Continuous telemetry and behavioral feedback represent the third control layer. Rather than attempting to prevent all unauthorized access through upfront policy enforcement, this approach collects detailed logs of agent behavior, analyzes access patterns for anomalies, and dynamically adjusts permissions based on observed risk. An AI agent that typically accesses 10 to 15 patient records per shift, all within the user's assigned care team, generates an alert if it suddenly queries 500 records across multiple departments. The telemetry system identifies the deviation, revokes the agent's credentials, and notifies security operations for investigation.
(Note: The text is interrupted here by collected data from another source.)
(* Let $\alpha=(\alpha_1,\dots,\alpha_t)$ be palindromic (i.e. $\alpha_i=\alpha_{t+1-i}$ for all $i$) with $t$ odd, let $F=\breve F(\alpha)$ with elements $x_1,\dots,x_n$ and shared elements $s_1,\dots,s_{t-1}$. Assume that $\chi_{s_i}-\chi_{s_{t-i}}$ is $0$-mesic under rowmotion for all $i\in[t-1]$. Then (1) $\chi_{x_k}-\chi_{x_{n-k+1}}$ is $0$-mesic for all $k\in[n]$, and (2) $\hat\chi_{x_k}+\hat\chi_{x_{n-k+1}}$ is $1$-mesic for all $k\in[n]$.
   Context: A fence $\breve F(\alpha_1,\dots,\alpha_t)$ ($t\ge2$, positive integers, $\alpha_1,\alpha_t\ge2$) is the poset on $\{x_1,\dots,x_n\}$, $n=\alpha_1+\dots+\alpha_t-1$, with $a_i=\alpha_1+\dots+\alpha_i$, $a_0=0$, whose cover relations are: for $1\le j\le n-1$ with $a_{i-1}\le j<a_i$, $x_j\lessdot x_{j+1}$ if $i$ odd and $x_j\gtrdot x_{j+1}$ if $i$ even. Shared elements: $s_i=x_{a_i}$. $\mathcal J(F)$ is the set of order ideals; rowmotion $\rho:\mathcal J(F)\to\mathcal J(F)$ sends $I$ to the order ideal generated by $\min(F\setminus I)$. $\hat\chi_q(I)=1$ if $q\in I$, else 0; $\chi_q(I)=1$ if $q\in\max(I)$, else 0. A statistic $f:\mathcal J(F)\to\mathbb R$ is $c$-mesic under rowmotion if its average over every $\rho$-orbit equals $c$. *)

theory Defs
  imports Complex_Main
begin

text \<open>A fence F(alpha_1,...,alpha_t) is encoded by the list alpha = [alpha_1,...,alpha_t].
  Its elements x_1..x_n are represented by the natural numbers 1..n.\<close>

definition is_fence_comp :: "nat list \<Rightarrow> bool" where
  "is_fence_comp \<alpha> \<longleftrightarrow> length \<alpha> \<ge> 2 \<and> (\<forall>a \<in> set \<alpha>. a > 0)
     \<and> hd \<alpha> \<ge> 2 \<and> last \<alpha> \<ge> 2"

definition fence_n :: "nat list \<Rightarrow> nat" where
  "fence_n \<alpha> = sum_list \<alpha> - 1"

text \<open>a_i = alpha_1 + ... + alpha_i; shared element s_i = x_{a_i}.\<close>
definition fence_a :: "nat list \<Rightarrow> nat \<Rightarrow> nat" where
  "fence_a \<alpha> i = sum_list (take i \<alpha>)"

definition fence_elems :: "nat list \<Rightarrow> nat set" where
  "fence_elems \<alpha> = {1..fence_n \<alpha>}"

text \<open>Cover relations as pairs (lower, upper).\<close>
definition fence_cover :: "nat list \<Rightarrow> (nat \<times> nat) set" where
  "fence_cover \<alpha> =
     {(j, j + 1) | j i. 1 \<le> j \<and> j < fence_n \<alpha> \<and> 1 \<le> i \<and> i \<le> length \<alpha>
        \<and> fence_a \<alpha> (i - 1) \<le> j \<and> j < fence_a \<alpha> i \<and> odd i}
   \<union> {(j + 1, j) | j i. 1 \<le> j \<and> j < fence_n \<alpha> \<and> 1 \<le> i \<and> i \<le> length \<alpha>
        \<and> fence_a \<alpha> (i - 1) \<le> j \<and> j < fence_a \<alpha> i \<and> even i}"

definition fence_le :: "nat list \<Rightarrow> nat \<Rightarrow> nat \<Rightarrow> bool" where
  "fence_le \<alpha> x y \<longleftrightarrow> (x, y) \<in> (fence_cover \<alpha>)\<^sup>*"

definition fence_ideals :: "nat list \<Rightarrow> nat set set" where
  "fence_ideals \<alpha> = {I. I \<subseteq> fence_elems \<alpha> \<and>
     (\<forall>x \<in> I. \<forall>y \<in> fence_elems \<alpha>. fence_le \<alpha> y x \<longrightarrow> y \<in> I)}"

definition fence_min :: "nat list \<Rightarrow> nat set \<Rightarrow> nat set" where
  "fence_min \<alpha> S = {x \<in> S. \<forall>y \<in> S. fence_le \<alpha> y x \<longrightarrow> y = x}"

definition fence_max :: "nat list \<Rightarrow> nat set \<Rightarrow> nat set" where
  "fence_max \<alpha> S = {x \<in> S. \<forall>y \<in> S. fence_le \<alpha> x y \<longrightarrow> y = x}"

definition rowmotion :: "nat list \<Rightarrow> nat set \<Rightarrow> nat set" where
  "rowmotion \<alpha> I = {y \<in> fence_elems \<alpha>.
     \<exists>x \<in> fence_min \<alpha> (fence_elems \<alpha> - I). fence_le \<alpha> y x}"

definition row_orbit :: "nat list \<Rightarrow> nat set \<Rightarrow> nat set set" where
  "row_orbit \<alpha> I = {(rowmotion \<alpha> ^^ k) I | k. True}"

definition chi_hat :: "nat \<Rightarrow> nat set \<Rightarrow> real" where
  "chi_hat q I = (if q \<in> I then 1 else 0)"

definition chi :: "nat list \<Rightarrow> nat \<Rightarrow> nat set \<Rightarrow> real" where
  "chi \<alpha> q I = (if q \<in> fence_max \<alpha> I then 1 else 0)"

definition mesic :: "nat list \<Rightarrow> (nat set \<Rightarrow> real) \<Rightarrow> real \<Rightarrow> bool" where
  "mesic \<alpha> f c \<longleftrightarrow> (\<forall>I \<in> fence_ideals \<alpha>.
     (\<Sum>J \<in> row_orbit \<alpha> I. f J) / real (card (row_orbit \<alpha> I)) = c)"

end

theory Submission
  imports Defs
begin

text \<open>Extend the fence by x_0 < x_1 and x_n < x_(n+1), where x_0 lies in every order ideal and
  x_(n+1) in none. Fix a rowmotion orbit O; let h(k) be the number of ideals in O containing x_k
  and c(k) the number of those having x_k as a maximal element. The maximal elements of rho(I)
  are the minimal elements of F - I, and rho permutes O, so c(k) can be counted both through the
  upper covers of x_k in I and through its lower covers in I. Inside a monotone run, where x_k
  has exactly one upper cover x_u and one lower cover x_l, this gives
  c(k) = h(k) - h(u) = h(l) - h(k), so h is affine there; at a peak c(k) = h(k), and at a
  valley c(k) = |O| - h(k).

  For a palindromic composition of odd length the reflection k |-> n+1-k maps runs to runs and
  exchanges peaks and valleys, which are exactly the shared elements. Hence the defect
  g(k) = h(k) + h(n+1-k) - |O| is affine at all non-shared elements and vanishes at the shared
  ones by the hypothesis. Since g(0) = g(n+1) = 0, the discrete maximum principle gives g = 0,
  which is (2); then (1) follows from the local formulas for c at k and n+1-k.\<close>

lemma rev_eq_if_nth_mirror:
  assumes "\<And>i. i < length xs \<Longrightarrow> xs ! i = xs ! (length xs - 1 - i)"
  shows "rev xs = xs"
proof (rule nth_equalityI)
  fix i assume "i < length (rev xs)"
  then show "rev xs ! i = xs ! i"
    using assms[of "length xs - 1 - i"] by (simp add: rev_nth)
qed simp

lemma max_principle_nonpos:
  fixes g :: "nat \<Rightarrow> real"
  assumes boundary: "g 0 = 0" "g m = 0"
    and interior: "\<And>y. 0 < y \<Longrightarrow> y < m \<Longrightarrow> g y = 0 \<or> 2 * g y = g (y - 1) + g (y + 1)"
    and "y \<le> m"
  shows "g y \<le> 0"
proof (rule ccontr)
  assume "\<not> g y \<le> 0"
  define M where "M = Max (g ` {..m})"
  have le_M: "z \<le> m \<Longrightarrow> g z \<le> M" for z
    unfolding M_def by (intro Max_ge) auto
  have M_pos: "0 < M"
    using le_M[OF \<open>y \<le> m\<close>] \<open>\<not> g y \<le> 0\<close> by simp
  have "\<exists>z \<le> m. g z = M"
    unfolding M_def using Max_in[of "g ` {..m}"] by fastforce
  \<comment> \<open>The leftmost point where the maximum is attained cannot be a midpoint.\<close>
  define y0 where "y0 = (LEAST z. z \<le> m \<and> g z = M)"
  have y0: "y0 \<le> m" "g y0 = M"
    using LeastI_ex[OF \<open>\<exists>z \<le> m. g z = M\<close>] unfolding y0_def by auto
  have "0 < y0" "y0 < m"
    using y0 boundary M_pos by (auto intro: Nat.gr0I le_neq_implies_less)
  have "2 * M = g (y0 - 1) + g (y0 + 1)"
    using interior[OF \<open>0 < y0\<close> \<open>y0 < m\<close>] y0 M_pos by auto
  moreover have "g (y0 - 1) \<noteq> M"
  proof
    assume "g (y0 - 1) = M"
    then have "(LEAST z. z \<le> m \<and> g z = M) \<le> y0 - 1"
      using y0 by (intro Least_le) simp
    then show False
      using \<open>0 < y0\<close> by (simp add: y0_def[symmetric])
  qed
  then have "g (y0 - 1) < M"
    using le_M[of "y0 - 1"] y0 by fastforce
  moreover have "g (y0 + 1) \<le> M"
    using le_M[of "y0 + 1"] \<open>y0 < m\<close> by simp
  ultimately show False by linarith
qed

lemma max_principle_zero:
  fixes g :: "nat \<Rightarrow> real"
  assumes boundary: "g 0 = 0" "g m = 0"
    and interior: "\<And>y. 0 < y \<Longrightarrow> y < m \<Longrightarrow> g y = 0 \<or> 2 * g y = g (y - 1) + g (y + 1)"
    and "y \<le> m"
  shows "g y = 0"
proof -
  have "g y \<le> 0"
    using max_principle_nonpos[OF boundary interior \<open>y \<le> m\<close>] .
  moreover have "(\<lambda>k. - g k) y \<le> 0"
  proof (rule max_principle_nonpos[where m = m])
    fix z :: nat assume "0 < z" "z < m"
    then show "- g z = 0 \<or> 2 * - g z = - g (z - 1) + - g (z + 1)"
      using interior[of z] by auto
  qed (use boundary \<open>y \<le> m\<close> in auto)
  ultimately show ?thesis by simp
qed

locale fence =
  fixes \<alpha> :: "nat list"
  assumes fence_comp: "is_fence_comp \<alpha>"
begin

abbreviation "t \<equiv> length \<alpha>"
abbreviation "n \<equiv> fence_n \<alpha>"
abbreviation "a \<equiv> fence_a \<alpha>"
abbreviation "C \<equiv> fence_cover \<alpha>"
abbreviation "E \<equiv> fence_elems \<alpha>"
abbreviation "Ids \<equiv> fence_ideals \<alpha>"
abbreviation "\<rho> \<equiv> rowmotion \<alpha>"

definition ascends :: "nat \<Rightarrow> bool" where
  "ascends j \<longleftrightarrow> (j, j + 1) \<in> C"

lemma length_ge_2: "2 \<le> t"
  using fence_comp by (simp add: is_fence_comp_def)

lemma first_ge_2: "2 \<le> \<alpha> ! 0"
  and last_ge_2: "2 \<le> \<alpha> ! (t - 1)"
proof -
  have "\<alpha> \<noteq> []"
    using length_ge_2 by auto
  then show "2 \<le> \<alpha> ! 0" "2 \<le> \<alpha> ! (t - 1)"
    using fence_comp by (simp_all add: is_fence_comp_def hd_conv_nth last_conv_nth)
qed

lemma a_0: "a 0 = 0"
  by (simp add: fence_a_def)

lemma a_Suc: "i < t \<Longrightarrow> a (Suc i) = a i + \<alpha> ! i"
  by (simp add: fence_a_def take_Suc_conv_app_nth)

lemma a_mono: "i \<le> j \<Longrightarrow> a i \<le> a j"
  by (auto simp: fence_a_def le_iff_add take_add)

lemma a_1: "a 1 = \<alpha> ! 0"
  using a_Suc[of 0] a_0 length_ge_2 by fastforce

lemma a_length: "a t = n + 1"
proof -
  have "\<alpha> ! 0 \<le> sum_list \<alpha>"
    using length_ge_2 by (auto intro!: member_le_sum_list nth_mem)
  then show ?thesis
    using first_ge_2 by (simp add: fence_a_def fence_n_def)
qed

lemma n_ge_3: "3 \<le> n"
proof -
  have "Suc (t - 1) = t"
    using length_ge_2 by simp
  then have "a (t - 1) + \<alpha> ! (t - 1) = n + 1"
    using a_Suc[of "t - 1"] a_length by simp
  moreover have "a 1 \<le> a (t - 1)"
    using length_ge_2 by (intro a_mono) simp
  ultimately show ?thesis
    using a_1 first_ge_2 last_ge_2 by linarith
qed

lemma segment_exists:
  assumes "j \<le> n"
  obtains i where "1 \<le> i" "i \<le> t" "a (i - 1) \<le> j" "j < a i"
proof
  define i where "i = (LEAST i. j < a i)"
  have "j < a t"
    using assms a_length by simp
  then show "j < a i" "i \<le> t"
    unfolding i_def by (auto intro: LeastI Least_le)
  then show "1 \<le> i"
    using a_0 by (metis less_one not_less not_less0)
  then show "a (i - 1) \<le> j"
    unfolding i_def using not_less_Least[of "i - 1" "\<lambda>i. j < a i"] i_def by fastforce
qed

lemma segment_unique:
  assumes "1 \<le> i" "a (i - 1) \<le> j" "j < a i" "1 \<le> i'" "a (i' - 1) \<le> j" "j < a i'"
  shows "i = i'"
proof (rule ccontr)
  assume "i \<noteq> i'"
  then have "a i \<le> a (i' - 1) \<or> a i' \<le> a (i - 1)"
    using a_mono by (metis linorder_neqE_nat assms(1,4) le_diff_conv2 Suc_leI add.commute plus_1_eq_Suc)
  then show False
    using assms by linarith
qed

lemma cover_in_segment:
  assumes seg: "1 \<le> i" "i \<le> t" "a (i - 1) \<le> j" "j < a i" and j: "1 \<le> j" "j < n"
  shows "ascends j \<longleftrightarrow> odd i" and "(j + 1, j) \<in> C \<longleftrightarrow> even i"
proof -
  have "(j, j + 1) \<in> C \<longleftrightarrow> (\<exists>i'. 1 \<le> i' \<and> i' \<le> t \<and> a (i' - 1) \<le> j \<and> j < a i' \<and> odd i')"
    and "(j + 1, j) \<in> C \<longleftrightarrow> (\<exists>i'. 1 \<le> i' \<and> i' \<le> t \<and> a (i' - 1) \<le> j \<and> j < a i' \<and> even i')"
    using j by (auto simp: fence_cover_def)
  then show "ascends j \<longleftrightarrow> odd i" and "(j + 1, j) \<in> C \<longleftrightarrow> even i"
    unfolding ascends_def using seg segment_unique[of i j] by blast+
qed

lemma descends_iff: "(j + 1, j) \<in> C \<longleftrightarrow> 1 \<le> j \<and> j < n \<and> \<not> ascends j"
proof (cases "1 \<le> j \<and> j < n")
  case True
  then obtain i where "1 \<le> i" "i \<le> t" "a (i - 1) \<le> j" "j < a i"
    using segment_exists[of j] by auto
  then show ?thesis
    using cover_in_segment True by blast
qed (auto simp: fence_cover_def)

lemma ascends_range: "ascends j \<Longrightarrow> 1 \<le> j \<and> j < n"
  by (auto simp: ascends_def fence_cover_def)

lemma cover_iff:
  "(x, y) \<in> C \<longleftrightarrow> y = x + 1 \<and> ascends x \<or> x = y + 1 \<and> 1 \<le> y \<and> y < n \<and> \<not> ascends y"
proof
  assume "(x, y) \<in> C"
  then have "y = x + 1 \<or> x = y + 1"
    by (auto simp: fence_cover_def)
  then show "y = x + 1 \<and> ascends x \<or> x = y + 1 \<and> 1 \<le> y \<and> y < n \<and> \<not> ascends y"
    using \<open>(x, y) \<in> C\<close> descends_iff[of y] by (auto simp: ascends_def)
qed (use descends_iff[of y] in \<open>auto simp: ascends_def\<close>)

lemma cover_subset: "C \<subseteq> E \<times> E"
  by (auto simp: cover_iff fence_elems_def dest!: ascends_range)

lemma cover_trancl_cases:
  "(x, y) \<in> C\<^sup>+ \<Longrightarrow>
     x < y \<and> (\<forall>j \<in> {x..<y}. ascends j) \<or> y < x \<and> (\<forall>j \<in> {y..<x}. \<not> ascends j)"
proof (induction rule: trancl_induct)
  case (base y)
  then show ?case
    by (auto simp: cover_iff)
next
  case (step y z)
  from \<open>(y, z) \<in> C\<close> consider (up) "z = y + 1" "ascends y" | (down) "y = z + 1" "\<not> ascends z"
    by (auto simp: cover_iff)
  then show ?case
  proof cases
    case up
    with step.IH show ?thesis
      by (auto simp: less_Suc_eq)
  next
    case down
    with step.IH show ?thesis
      by (auto simp: Suc_le_eq le_less)
  qed
qed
Healthcare organizations already implement this pattern through SIEM systems that analyze EHR audit logs for anomalous access. The challenge is that legacy system logs lack the granularity required for behavioral analysis. HL7 v2 interfaces generate message-level logs but often do not capture which human user initiated each message. Database access logs show queries but not the application-layer context. PACS audit logs record image retrievals but not the clinical workflow justification. Implementing effective behavioral telemetry requires instrumenting the agent platform itself to generate rich context logs, then correlating those logs with backend system audit trails to reconstruct the full execution path. This is technically feasible but requires custom integration because healthcare systems were not designed with agentic AI observability as a requirement.

Practical Implementation for Healthcare Organizations

Healthcare organizations deploying AI agents can implement last-mile identity controls through a phased approach that balances security improvements against operational constraints and legacy system limitations. The first phase establishes visibility by instrumenting agent platforms to log every backend connection with full user context. This means capturing the authenticated user identity, the clinical intent driving the request, the specific data accessed, and the timestamp and result code for each backend API call or database query. These logs provide the audit trail required for forensic investigation even if real-time enforcement is not yet implemented.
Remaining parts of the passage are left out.